Pope Benedict said that global poverty, underdevelopment and hunger are often the result of “selfish attitudes” that come from the heart of man. This selfishness, he noted, finds “expression in his social activities, in economic relations and in the conditions of the market” and is eventually “translated into the denial of the primary right of all individuals” to be fed.

The Pope said that the instability of the global market and price increases in food “demand concrete responses, which must necessarily be united in order to achieve results which individual States cannot achieve alone.”

“This means that solidarity must become an essential criterion for all political and strategic action,” he said.

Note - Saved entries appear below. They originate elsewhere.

lemma pair_powr_excess_merge:
  fixes q :: real and f :: "'b \<Rightarrow> real"
  assumes q: "0 < q" "q < 1" and fin: "finite N" and card: "4 \<le> card N"
    and nz: "\<forall>x\<in>N. f x \<noteq> 0" and sum: "(\<Sum>x\<in>N. f x) = 0"
  obtains b g where "b \<in> N" "\<forall>x\<in>N - {b}. g x \<noteq> 0" "(\<Sum>x\<in>N - {b}. g x) = 0"
    "pair_powr_excess q N f < pair_powr_excess q (N - {b}) g"
proof -
  have "3 \<le> card N" using card by simp
  with nz obtain a b where ab: "a \<in> N" "b \<in> N" "a \<noteq> b" "0 < f a * f b"
    by (auto elim: exists_same_sign_pair)
  define M where "M = N - {a, b}"
  have finM: "finite M" and abM: "a \<notin> M" "b \<notin> M" and cardM: "2 \<le> card M"
    using fin card ab M_def by (auto simp: card_Diff_subset)
  have sumM: "(\<Sum>y\<in>M. f y) = - (f a + f b)"
  proof -
    have "N = insert a (insert b M)" using ab M_def by auto
    then show ?thesis using sum finM abM ab by simp
  qed
  \<comment> \<open>The at least two remaining values sum to \<open>-(f a + f b) \<noteq> 0\<close>, so not all equal it.\<close>
  obtain y where y: "y \<in> M" "f a + f b + f y \<noteq> 0"
  proof (rule ccontr)
    assume "\<not> thesis"
    then have "\<forall>y\<in>M. f y = - (f a + f b)" using that by force
    then have "(\<Sum>y\<in>M. f y) = real (card M) * - (f a + f b)" by simp
    moreover have "f a + f b \<noteq> 0" using ab(4) by (auto simp: zero_less_mult_iff)
    ultimately show False using sumM cardM by simp
  qed
  define g where "g = f(a := f a + f b)"
  show thesis
  proof
    show "b \<in> N" by fact
    show "\<forall>x\<in>N - {b}. g x \<noteq> 0"
      using nz ab(4) by (auto simp: g_def zero_less_mult_iff)
    have "(\<Sum>x\<in>M. g x) = (\<Sum>x\<in>M. f x)" using abM by (intro sum.cong) (auto simp: g_def)
    moreover have "N - {b} = insert a M" using ab M_def by auto
    ultimately show "(\<Sum>x\<in>N - {b}. g x) = 0" using sumM finM abM by (simp add: g_def)
    show "pair_powr_excess q N f < pair_powr_excess q (N - {b}) g"
      using pair_powr_excess_merge_less[OF q fin ab, of y] y nz M_def unfolding g_def by auto
  qed
qed

lemma pair_powr_excess_nonpos:
  fixes q :: real and f :: "'b \<Rightarrow> real"
  assumes q: "0 < q" "q < 1"
  shows "finite N \<Longrightarrow> 3 \<le> card N \<Longrightarrow> \<forall>x\<in>N. f x \<noteq> 0 \<Longrightarrow> (\<Sum>x\<in>N. f x) = 0
    \<Longrightarrow> pair_powr_excess q N f \<le> 0"
proof (induction "card N" arbitrary: N f rule: less_induct)
  case less
  show ?case
  proof (cases "card N = 3")
    case True
    then show ?thesis using pair_powr_excess_three[OF True less.prems(4)] by simp
  next
    case False
    then have "4 \<le> card N" using less.prems(2) by simp
    then obtain b g where b: "b \<in> N" "\<forall>x\<in>N - {b}. g x \<noteq> 0" "(\<Sum>x\<in>N - {b}. g x) = 0"
      "pair_powr_excess q N f < pair_powr_excess q (N - {b}) g"
      using pair_powr_excess_merge[OF q less.prems(1) _ less.prems(3,4)] by blast
    have "pair_powr_excess q (N - {b}) g \<le> 0"
      using b less.prems(1) \<open>4 \<le> card N\<close> by (intro less.hyps) auto
    then show ?thesis using b(4) by linarith
  qed
qed

lemma pair_powr_excess_neg:
  fixes q :: real and f :: "'b \<Rightarrow> real"
  assumes q: "0 < q" "q < 1" and fin: "finite N" and card: "4 \<le> card N"
    and nz: "\<forall>x\<in>N. f x \<noteq> 0" and sum: "(\<Sum>x\<in>N. f x) = 0"
  shows "pair_powr_excess q N f < 0"
proof -
  obtain b g where b: "b \<in> N" "\<forall>x\<in>N - {b}. g x \<noteq> 0" "(\<Sum>x\<in>N - {b}. g x) = 0"
    "pair_powr_excess q N f < pair_powr_excess q (N - {b}) g"
    using pair_powr_excess_merge[OF q fin card nz sum] by blast
  have "pair_powr_excess q (N - {b}) g \<le> 0"
    using b fin card by (intro pair_powr_excess_nonpos[OF q]) auto
  then show ?thesis using b(4) by linarith
qed

section \<open>First variation of a weighted sum of distances\<close>

lemma norm_diff_scaleR_le:
  fixes y e :: "'a::real_inner"
  assumes y: "y \<noteq> 0" and e: "norm e = 1"
  shows "norm (y - t *\<^sub>R e) \<le> norm y - t * inner y e / norm y + t\<^sup>2 / (2 * norm y)"
proof -
  define A where "A = norm y"
  define B where "B = t * inner y e / A"
  define C where "C = t\<^sup>2 / (2 * A)"
  have A: "0 < A" using y A_def by simp
  have ee: "inner e e = 1" using e by (simp add: norm_eq_sqrt_inner)
  have yy: "inner y y = A\<^sup>2" unfolding A_def by (simp add: power2_norm_eq_inner)
  have sq: "(norm (y - t *\<^sub>R e))\<^sup>2 = A\<^sup>2 - 2 * t * inner y e + t\<^sup>2"
    unfolding power2_norm_eq_inner[of "y - t *\<^sub>R e"]
    by (simp add: inner_diff_left inner_diff_right ee yy inner_commute power2_eq_square algebra_simps)
  have AB: "2 * A * B = 2 * t * inner y e" and AC: "2 * A * C = t\<^sup>2"
    unfolding B_def C_def using A by simp_all
  have "2 * A * (A - B + C) = (norm (y - t *\<^sub>R e))\<^sup>2 + A\<^sup>2"
    unfolding sq using AB AC by (simp add: algebra_simps power2_eq_square)
  then have "0 \<le> (2 * A) * (A - B + C)" by simp
  then have R: "0 \<le> A - B + C" using A by (simp add: zero_le_mult_iff)
  have "(norm (y - t *\<^sub>R e))\<^sup>2 = (A - B + C)\<^sup>2 - (B - C)\<^sup>2"
    unfolding sq using AB AC by (simp add: algebra_simps power2_eq_square)
  also have "\<dots> \<le> (A - B + C)\<^sup>2" by simp
  finally have "norm (y - t *\<^sub>R e) \<le> A - B + C" using R by (simp add: norm_le_square)
  then show ?thesis unfolding A_def B_def C_def .
qed

lemma sum_weighted_dist_translate_le:
  fixes v e :: "'a::real_inner" and c :: "'a \<Rightarrow> real"
  assumes finA: "finite A" and vA: "v \<notin> A" and c: "\<forall>a\<in>A. 0 \<le> c a" and e: "norm e = 1"
  shows "(\<Sum>a\<in>A. c a * dist a (v + t *\<^sub>R e))
       \<le> (\<Sum>a\<in>A. c a * dist a v) - t * inner (\<Sum>a\<in>A. (c a / norm (a - v)) *\<^sub>R (a - v)) e
         + t\<^sup>2 * (\<Sum>a\<in>A. c a / (2 * norm (a - v)))"
proof -
  have "dist a (v + t *\<^sub>R e) \<le> dist a v - t * inner (a - v) e / norm (a - v) + t\<^sup>2 / (2 * norm (a - v))"
    if "a \<in> A" for a
  proof -
    have "dist a (v + t *\<^sub>R e) = norm ((a - v) - t *\<^sub>R e)" unfolding dist_norm by (simp add: algebra_simps)
    also have "\<dots> \<le> norm (a - v) - t * inner (a - v) e / norm (a - v) + t\<^sup>2 / (2 * norm (a - v))"
      by (rule norm_diff_scaleR_le[OF _ e]) (use that vA in auto)
    finally show ?thesis by (simp add: dist_norm)
  qed
  then have "(\<Sum>a\<in>A. c a * dist a (v + t *\<^sub>R e))
      \<le> (\<Sum>a\<in>A. c a * (dist a v - t * inner (a - v) e / norm (a - v) + t\<^sup>2 / (2 * norm (a - v))))"
    using c by (intro sum_mono mult_left_mono) auto
  also have "\<dots> = (\<Sum>a\<in>A. c a * dist a v - t * ((c a / norm (a - v)) * inner (a - v) e)
                    + t\<^sup>2 * (c a / (2 * norm (a - v))))"
    by (intro sum.cong) (simp_all add: algebra_simps)
  finally show ?thesis
    by (simp add: inner_sum_left sum.distrib sum_subtractf sum_distrib_left)
qed

lemma norm_sum_weighted_directions_le:
  fixes v :: "'a::real_inner" and c :: "'a \<Rightarrow> real"
  assumes finF: "finite F" and finA: "finite A" and vA: "v \<notin> A"
    and c: "\<forall>a\<in>A. 0 \<le> c a" and K: "0 \<le> K"
    and min: "\<forall>w. w \<notin> F \<longrightarrow> (\<Sum>a\<in>A. c a * dist a v) \<le> (\<Sum>a\<in>A. c a * dist a w) + K * dist v w"
  shows "norm (\<Sum>a\<in>A. (c a / norm (a - v)) *\<^sub>R (a - v)) \<le> K"
proof (rule ccontr)
  define W where "W = (\<Sum>a\<in>A. (c a / norm (a - v)) *\<^sub>R (a - v))"
  define C where "C = (\<Sum>a\<in>A. c a / (2 * norm (a - v)))"
  assume "\<not> norm W \<le> K"
  then have gt: "K < norm W" and W: "W \<noteq> 0" using K unfolding W_def by auto
  define e where "e = W /\<^sub>R norm W"
  have e: "norm e = 1" and We: "inner W e = norm W"
    unfolding e_def using W by (simp_all add: power2_norm_eq_inner[symmetric] power2_eq_square)
  have C: "0 \<le> C" unfolding C_def using c by (auto intro: sum_nonneg)
  define \<delta> where "\<delta> = (norm W - K) / (C + 1)"
  have \<delta>: "0 < \<delta>" unfolding \<delta>_def using gt C by simp
  \<comment> \<open>Move \<open>v\<close> a small distance \<open>t\<close> in the direction \<open>e\<close>, avoiding the finitely many points of \<open>F\<close>.\<close>
  have "finite ((\<lambda>x. inner (x - v) e) ` F)" using finF by simp
  then obtain t where t: "0 < t" "t < \<delta>" "t \<notin> (\<lambda>x. inner (x - v) e) ` F"
    using infinite_Ioo[OF \<delta>] by (meson finite_subset greaterThanLessThan_iff subsetI)
  define w where "w = v + t *\<^sub>R e"
  have "inner (w - v) e = t" unfolding w_def using e by (simp add: norm_eq_sqrt_inner)
  then have wF: "w \<notin> F" using t(3) by force
  have "dist v w = t" unfolding w_def using e t by (simp add: dist_norm)
  then have "(\<Sum>a\<in>A. c a * dist a v) \<le> (\<Sum>a\<in>A. c a * dist a w) + K * t"
    using min[rule_format, OF wF] by simp
  also have "\<dots> \<le> (\<Sum>a\<in>A. c a * dist a v) - t * norm W + t\<^sup>2 * C + K * t"
    using sum_weighted_dist_translate_le[OF finA vA c e, of t] unfolding w_def W_def[symmetric] C_def[symmetric] We
    by simp
  finally have "0 \<le> t * (K - norm W + t * C)" by (simp add: power2_eq_square algebra_simps)
  then have "norm W - K \<le> t * C" using t(1) by (simp add: zero_le_mult_iff)
  moreover have "t * (C + 1) < norm W - K" using t(2) C unfolding \<delta>_def by (simp add: field_simps)
  ultimately show False using t(1) by (simp add: algebra_simps)
qed
(* Let $W=e^{-q}$ be the bivariate Freud weight and $\{\mathbb{P}_n\}$ an orthonormal polynomial system for it, with matrices $G^n_k$, $G_n$, $A_{n,i}$, $A_{n,i}^{-1}$, $B_{n,i}$, $C_{n,i}$ as in the context. Then for $i=1,2$: (i) $B_{n,i}=A_{n-1,i}^{-1}G_{n-1}N_{n,i}G_{n-1}^{-1}$ for $n\geqslant1$; (ii) $C_{n,i}^T=A_{n-3,i}A_{n-2,i}A_{n-1,i}G_nK_{n,i}G_n^{-1}$ for $n\geqslant3$; (iii) $C_{n,i}=G^n_{n-2}G_{n-2}^{-1}B_{n-2,i}-B_{n,i}G^{n-1}_{n-3}G_{n-3}^{-1}$ for $n\geqslant3$. Moreover, for $k=0,1,\dots,\lfloor n/2\rfloor$, $$A_{n,i}G^{n+1}_{n-2k+1}+A_{n-1,i}^TG^{n-1}_{n-2k+1}=G^n_{n-2k}L_{n-2k,i}$$ and $$B_{n,i}G^{n-1}_{n-2k-1}+C_{n,i}G^{n-3}_{n-2k-1}=G^n_{n-2k}L_{n-2k-1,i}^TN_{n-2k,i}.$$
   Context: Parameters $a_{4,0},a_{2,2},a_{0,4}\geqslant0$, $a_{2,0},a_{0,2}\in\mathbb{R}$, $a_{4,0}+a_{2,2}>0$, $a_{2,2}+a_{0,4}>0$; $q(x,y)=a_{4,0}x^4+a_{2,2}x^2y^2+a_{0,4}y^4+a_{2,0}x^2+a_{0,2}y^2$, $W=e^{-q}$, inner product $(f,g)=\iint_{\mathbb{R}^2}fgW\,dx\,dy$ (entrywise on vectors). $\mathbb{X}_n=(x^n,x^{n-1}y,\dots,y^n)^T$. An orthonormal polynomial system: column vectors $\mathbb{P}_n=(P_{n,0},\dots,P_{n,n})^T$ of linearly independent polynomials of exact total degree $n$ with $(\mathbb{P}_n,\mathbb{P}_m^T)=\delta_{nm}I_{n+1}$. Write $\mathbb{P}_n=\sum_{k}G^n_k\mathbb{X}_k$ with constant $(n+1)\times(k+1)$ matrices $G^n_k$, $G_n:=G^n_n$ invertible, and the convention $G^n_m=0$ for $m>n$ or $m<0$ (also $G^n_k=0$ when $n-k$ is odd, by central symmetry). $A_{n,i}$ ($(n+1)\times(n+2)$) are defined by $x\mathbb{P}_n=A_{n,1}\mathbb{P}_{n+1}+A_{n-1,1}^T\mathbb{P}_{n-1}$, $y\mathbb{P}_n=A_{n,2}\mathbb{P}_{n+1}+A_{n-1,2}^T\mathbb{P}_{n-1}$ ($\mathbb{P}_{-1}=0$); $A_{n,i}^{-1}:=G_{n+1}L_{n,i}^TG_n^{-1}$ denotes the right pseudo inverse of $A_{n,i}$. $B_{n,i}$ ($(n+1)\times n$) and $C_{n,i}$ ($(n+1)\times(n-2)$, zero for $n\leqslant2$) are the matrices in the structure relations $\partial_x\mathbb{P}_n=B_{n,1}\mathbb{P}_{n-1}+C_{n,1}\mathbb{P}_{n-3}$, $\partial_y\mathbb{P}_n=B_{n,2}\mathbb{P}_{n-1}+C_{n,2}\mathbb{P}_{n-3}$ ($n\geqslant1$), which hold for this weight. $L_{n,1}=(I_{n+1}\,|\,0)$, $L_{n,2}=(0\,|\,I_{n+1})$. $N_{n,1}=\mathrm{diag}(n,\dots,1)$, $N_{n,2}=\mathrm{diag}(1,\dots,n)$. $K_{n,1}$: $(n+1)\times(n+1)$ upper triangular, diagonal $4a_{4,0}$, entries $(j,j+2)$ equal $2a_{2,2}$, others $0$; $K_{n,2}$: lower triangular, diagonal $4a_{0,4}$, entries $(j+2,j)$ equal $2a_{2,2}$, others $0$. *)

theory Defs
  imports "HOL-Analysis.Analysis" "Jordan_Normal_Form.Matrix"
begin

definition minv :: "real mat \<Rightarrow> real mat" where
  "minv A = (SOME B. B \<in> carrier_mat (dim_row A) (dim_row A) \<and>
                     A * B = 1\<^sub>m (dim_row A) \<and> B * A = 1\<^sub>m (dim_row A))"

definition freud_q :: "real \<Rightarrow> real \<Rightarrow> real \<Rightarrow> real \<Rightarrow> real \<Rightarrow> real \<Rightarrow> real \<Rightarrow> real" where
  "freud_q a40 a22 a04 a20 a02 x y =
     a40 * x^4 + a22 * x^2 * y^2 + a04 * y^4 + a20 * x^2 + a02 * y^2"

Pope Benedict also stressed the importance of the Food and Agriculture Organization continually re-examining its own structure so it can guarantee “nutritional development, the availability of food products and the development of rural areas, so as to ensure that humankind is free from hunger.”

He said “the first victims of this tragedy” of global hunger are those millions of children who are “condemned to early death or to a delay in their physical and mental development.”

Although global relief groups work around the clock to provide food for impoverished children and their families, the Pope lamented that aid is often limited to emergency situations. He said that in addition to temporary relief, there needs to be a system for long term development and objectives such as family-based farming.

Support “must be given to initiatives ... aimed at rediscovering the importance of family-run farms, supporting the vital role they play in ensuring stable food security,” he said.

“Food security is an authentically human requirement,” the Pope underscored. “Guaranteeing it for present and future generations also means safeguarding ourselves against the uncontrolled exploitation of natural resources.”

“At this time in which agriculture is beset by so many problems, but is also facing new opportunities for alleviating the problem of hunger,” he noted, “you can ensure that, by guaranteeing a nourishment responsive to people's needs, individuals can grow in their true identity as creatures made in the image of God.”